To Fennigan’s left, Jax was a whirlwind of lethal precision. The second scavenger swung a heavy iron pipe, but Jax moved like water, flowing under the strike. He caught the man’s lead wrist in a grip that could crush granite, twisting the arm until the radius snapped. As the man let out a strangled cry, Jax drove a knee into his solar plexus, followed by a swift, calculated joint lock that sent the scavenger screaming to his knees, his shoulder popping out of its socket with a dull thud.
"Wrong night, boys," Jax hissed, his eyes bleeding into a dangerous, rhythmic amber that cut through the dark.

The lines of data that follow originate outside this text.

(* Let $\hat{\mathbb S}^2$ denote $\mathbb S^2$ with the antipodal involution $k\mapsto -k$, let $U(2)$ carry the involution $\mu(U)=-Q\bar UQ$ with $Q=\begin{pmatrix}0&-1\\1&0\end{pmatrix}$, and $U(1)$ the involution $z\mapsto\bar z$. Then the determinant $\det:U(2)\to U(1)$ induces a group isomorphism $$\det:[\hat{\mathbb S}^2,U(2)]_{\mathbb Z_2}\longrightarrow[\hat{\mathbb S}^2,U(1)]_{\mathbb Z_2}\cong\mathbb Z_2,$$ where the latter group is generated by the classes of the constant maps $\pm1$.
   Context: For involutive spaces $(A,\alpha)$, $(B,\beta)$, $[A,B]_{\mathbb Z_2}$ denotes the set of equivariant maps $f:A\to B$ ($f\circ\alpha=\beta\circ f$) modulo homotopy through equivariant maps; when $B$ is a group with involution acting by group automorphisms, it is a group under pointwise multiplication. *)

theory Defs
  imports "HOL-Analysis.Analysis"
begin

definition S2 :: "(real^3) set" where "S2 = sphere 0 1"
definition antip :: "real^3 \<Rightarrow> real^3" where "antip k = - k"

definition mconj :: "complex^2^2 \<Rightarrow> complex^2^2" where
  "mconj U = (\<chi> i j. cnj (U $ i $ j))"
definition adj :: "complex^2^2 \<Rightarrow> complex^2^2" where
  "adj U = transpose (mconj U)"

definition U2 :: "(complex^2^2) set" where
  "U2 = {U. U ** adj U = mat 1 \<and> adj U ** U = mat 1}"
definition U1 :: "complex set" where "U1 = {z. cmod z = 1}"

definition Qm :: "complex^2^2" where
  "Qm = vector [vector [0, -1], vector [1, 0]]"

definition mu :: "complex^2^2 \<Rightarrow> complex^2^2" where
  "mu U = - (Qm ** mconj U ** Qm)"

definition EqMaps :: "'a::topological_space set \<Rightarrow> ('a \<Rightarrow> 'a) \<Rightarrow> 'b::topological_space set \<Rightarrow> ('b \<Rightarrow> 'b) \<Rightarrow> ('a \<Rightarrow> 'b) set" where
  "EqMaps A a B b = {f. continuous_on A f \<and> f ` A \<subseteq> B \<and> (\<forall>x\<in>A. f (a x) = b (f x))}"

The third scavenger lunged at Fennigan from behind, swinging a length of rusted chain. Without looking, Fennigan caught the chain mid-air, the metal links biting into his palm. He didn't flinch. With a savage jerk, he hauled the man forward, meeting him halfway with a devastating elbow to the temple. The man crumpled like a puppet with cut strings.
The fourth scavenger, a younger man who had stayed back to watch the "easy score," stood frozen. He looked at his three companions—one unconscious, one sobbing over a ruined arm, and the third a heap of dead weight—and then he looked at Fennigan. The Alpha’s eyes weren't just glowing; they were burning with a white-hot intensity that promised a slow, agonizing end.
The kid didn't wait for a second invitation. He dropped his weapon—a pathetic, dull shiv—and turned, his boots slapping frantically against the wet pavement as he vanished into the labyrinth of shipping containers.
Fennigan didn't give him a second glance. He simply wiped a smudge of the lead scavenger's blood off his knuckle onto his tactical pants.
"Amateurs," Fennigan grunted, his voice a low, gravelly rumble. He adjusted the strap of the pack containing the drives, his gaze already shifting toward the "Iron Sump." "Let's move. We're late, and the air in this place is starting to make my skin crawl."